College charity status reform

Colleges to fall in line with charities and accept audits

Report by Paul Jarvis and Sarah Chadwick in The Oxford Student, 21st November 2002

"SHEER POLITICAL CHEEK" was how Anthony Smith, the President of Magdalen, last week described proposed changes to the college auditing system.

The government document, entitled "Private Action, Public Benefit", is aimed at reforming the Charity Commission, and it means that colleges could be forced to present their accounts to the Commission, something from which universities and colleges, unlike most charities, are currently exempt. Universities, but not colleges, currently present their accounts to the higher education funding councils. Smith, also Vice-President of the University's development programme, was quoted in The Times criticising the plans, describing them as a "threat to academic autonomy."

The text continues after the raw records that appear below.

lemma compact_space_condensation_point_exists:
  assumes "compact_space X" "S \<subseteq> topspace X" "uncountable S"
  obtains p where "condensation_point_of X S p"
proof -
  have "\<exists>p. condensation_point_of X S p"
  proof (rule ccontr)
    assume "\<nexists>p. condensation_point_of X S p"
    then have "topspace X \<subseteq> \<Union>{U. openin X U \<and> countable (U \<inter> S)}"
      unfolding condensation_point_of_def by blast
    then obtain \<F> where \<F>: "finite \<F>" "\<F> \<subseteq> {U. openin X U \<and> countable (U \<inter> S)}"
      "topspace X \<subseteq> \<Union>\<F>"
      using assms(1) unfolding compact_space_alt by (metis (no_types, lifting) mem_Collect_eq)
    then have "countable (\<Union>U\<in>\<F>. U \<inter> S)"
      by (intro countable_UN) (auto intro: countable_finite)
    moreover have "S = (\<Union>U\<in>\<F>. U \<inter> S)"
      using \<F>(3) assms(2) by blast
    ultimately show False
      using assms(3) by simp
  qed
  with that show thesis by blast
qed

lemma single_valued_graph_on: "single_valued (graph_on D f)"
  by (auto simp: single_valued_def graph_on_def)

lemma closedin_graph_on:
  assumes Y: "Hausdorff_space Y" and D: "closedin X D"
    and f: "continuous_map (subtopology X D) Y f"
  shows "closedin (prod_topology X Y) (graph_on D f)"
proof -
  let ?Z = "prod_topology (subtopology X D) Y"
  let ?\<Delta> = "(\<lambda>y. (y, y)) ` topspace Y"
  have "continuous_map ?Z (prod_topology Y Y) (\<lambda>z. (f (fst z), snd z))"
    using continuous_map_compose[OF continuous_map_fst f] continuous_map_snd
    by (auto intro!: continuous_map_pairedI simp: o_def)
  then have "closedin ?Z {z \<in> topspace ?Z. (f (fst z), snd z) \<in> ?\<Delta>}"
    using closedin_continuous_map_preimage Y Hausdorff_space_closedin_diagonal by blast
  moreover have "{z \<in> topspace ?Z. (f (fst z), snd z) \<in> ?\<Delta>} = graph_on D f"
    using closedin_subset[OF D] continuous_map_image_subset_topspace[OF f]
    by (auto simp: graph_on_def image_subset_iff)
  moreover have "closedin (prod_topology X Y) (D \<times> topspace Y)"
    using D by (simp add: closedin_prod_Times_iff)
  ultimately show ?thesis
    using closedin_trans_full by (metis subtopology_Times subtopology_topspace)
qed

lemma closedin_converse_graph_on:
  assumes "Hausdorff_space Y" "closedin X D" "continuous_map (subtopology X D) Y f"
  shows "closedin (prod_topology Y X) (converse (graph_on D f))"
proof -
  have "closedin (prod_topology X Y) (graph_on D f)"
    using assms by (rule closedin_graph_on)
  moreover have "converse (graph_on D f) = (\<lambda>(x, y). (y, x)) ` graph_on D f"
    by auto
  ultimately show ?thesis
    using homeomorphic_map_closedness[OF homeomorphic_map_swap] closedin_subset by metis
qed

lemma Baire_rectangle_in_closed_cover:
  assumes "compact_space X" "Hausdorff_space X" "compact_space Y" "Hausdorff_space Y"
    and "topspace X \<noteq> {}" "topspace Y \<noteq> {}" "countable \<R>"
    and closed: "\<And>R. R \<in> \<R> \<Longrightarrow> closedin (prod_topology X Y) R"
    and cover: "topspace X \<times> topspace Y \<subseteq> \<Union>\<R>"
  obtains R U V where "R \<in> \<R>" "openin X U" "openin Y V" "U \<noteq> {}" "V \<noteq> {}" "U \<times> V \<subseteq> R"
proof -
  let ?Z = "prod_topology X Y"
  have "compact_space ?Z" "Hausdorff_space ?Z"
    using assms by (simp_all add: compact_space_prod_topology Hausdorff_space_prod_topology)
  then have Baire: "locally_compact_space ?Z \<and> regular_space ?Z"
    by (simp add: compact_imp_locally_compact_space compact_Hausdorff_imp_regular_space)
  have "\<Union>\<R> = topspace ?Z"
    using cover closed closedin_subset by fastforce
  then have "?Z interior_of \<Union>\<R> = topspace ?Z"
    by (simp only: interior_of_topspace)
  then have "?Z interior_of \<Union>\<R> \<noteq> {}"
    using assms(5,6) by simp
  then obtain R where R: "R \<in> \<R>" "?Z interior_of R \<noteq> {}"
    using Baire_category_alt[OF disjI2[OF Baire] \<open>countable \<R>\<close>] closed by blast
  then obtain x y where xy: "(x, y) \<in> ?Z interior_of R"
    by auto
  then obtain U V where UV: "openin X U" "openin Y V" "x \<in> U" "y \<in> V"
    "U \<times> V \<subseteq> ?Z interior_of R"
    using openin_prod_topology_alt[THEN iffD1, OF openin_interior_of, rule_format, OF xy] by blast
  show thesis
  proof (rule that[OF R(1) UV(1,2)])
    show "U \<times> V \<subseteq> R"
      using UV(5) interior_of_subset by (rule order_trans)
  qed (use UV(3,4) in auto)
qed

lemma isolated_point_of_closed_partial_function_cover:
  assumes "compact_space X" "Hausdorff_space X" "topspace X \<noteq> {}" "countable \<R>"
    and "\<And>R. R \<in> \<R> \<Longrightarrow> closedin (prod_topology X X) R"
    and partial: "\<And>R. R \<in> \<R> \<Longrightarrow> single_valued R \<or> single_valued (converse R)"
    and "topspace X \<times> topspace X \<subseteq> \<Union>\<R>"
  obtains p where "openin X {p}"
proof -
  obtain R U V where R: "R \<in> \<R>" "openin X U" "openin X V" "U \<noteq> {}" "V \<noteq> {}" "U \<times> V \<subseteq> R"
    using Baire_rectangle_in_closed_cover[of X X \<R>] assms by metis
  obtain u v where uv: "u \<in> U" "v \<in> V"
    using R(4,5) by blast
  consider "single_valued R" | "single_valued (converse R)"
    using partial R(1) by blast
  then show thesis
  proof cases
    case 1
    then have "V = {v}"
      using R(6) uv by (auto dest: single_valuedD)
    with R(3) that show thesis by blast
  next
    case 2
    then have "U = {u}"
      using R(6) uv by (auto dest: single_valuedD)
    with R(2) that show thesis by blast
  qed
qed

lemma closedin_isolated_point_of_closed_partial_function_cover:
  assumes "compact_space X" "Hausdorff_space X" "closedin X F" "F \<noteq> {}" "countable \<R>"
    and closed: "\<And>R. R \<in> \<R> \<Longrightarrow> closedin (prod_topology X X) R"
    and partial: "\<And>R. R \<in> \<R> \<Longrightarrow> single_valued R \<or> single_valued (converse R)"
    and cover: "F \<times> F \<subseteq> \<Union>\<R>"
  obtains p W where "openin X W" "W \<inter> F = {p}"
proof -
  let ?XF = "subtopology X F"
  have topF: "topspace ?XF = F"
    using assms(3) closedin_subset by (metis topspace_subtopology_subset)
  obtain p where "openin ?XF {p}"
  proof (rule isolated_point_of_closed_partial_function_cover[of ?XF "(\<lambda>R. R \<inter> (F \<times> F)) ` \<R>"])
    show "compact_space ?XF"
      using assms(1,3) closedin_compact_space compact_space_subtopology by blast
    show "Hausdorff_space ?XF"
      using assms(2) Hausdorff_space_subtopology by blast
    show "closedin (prod_topology ?XF ?XF) R" if R: "R \<in> (\<lambda>R. R \<inter> (F \<times> F)) ` \<R>" for R
    proof -
      obtain R0 where "R0 \<in> \<R>" "R = R0 \<inter> (F \<times> F)"
        using R by blast
      then show ?thesis
        using closedin_subtopology_Int_closed[OF closed, of R0 "F \<times> F"]
        by (simp add: subtopology_Times Int_commute)
    qed
    show "single_valued R \<or> single_valued (converse R)" if "R \<in> (\<lambda>R. R \<inter> (F \<times> F)) ` \<R>" for R
      using that partial by (blast intro: single_valued_subset converse_mono[THEN iffD2])
  qed (use topF assms(4,5) cover in auto)
  then show thesis
    using that by (auto simp: openin_subtopology)
qed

However, speaking to the Oxford Student, Mr Smith played down his opposition, saying, he "simply expressed the fear that the new arrangements would impose another layer of bureaucracy," pointing out that college accounts are already audited. He also admitted that he was not qualified to speak authoritatively about the document, and that his views were just first impressions.

The proposals were praised by philanthropy experts in America, with Harvey Dale, director of the National Center on Philanthropy and the Law at New York University saying, "I wish we had something like it in the States".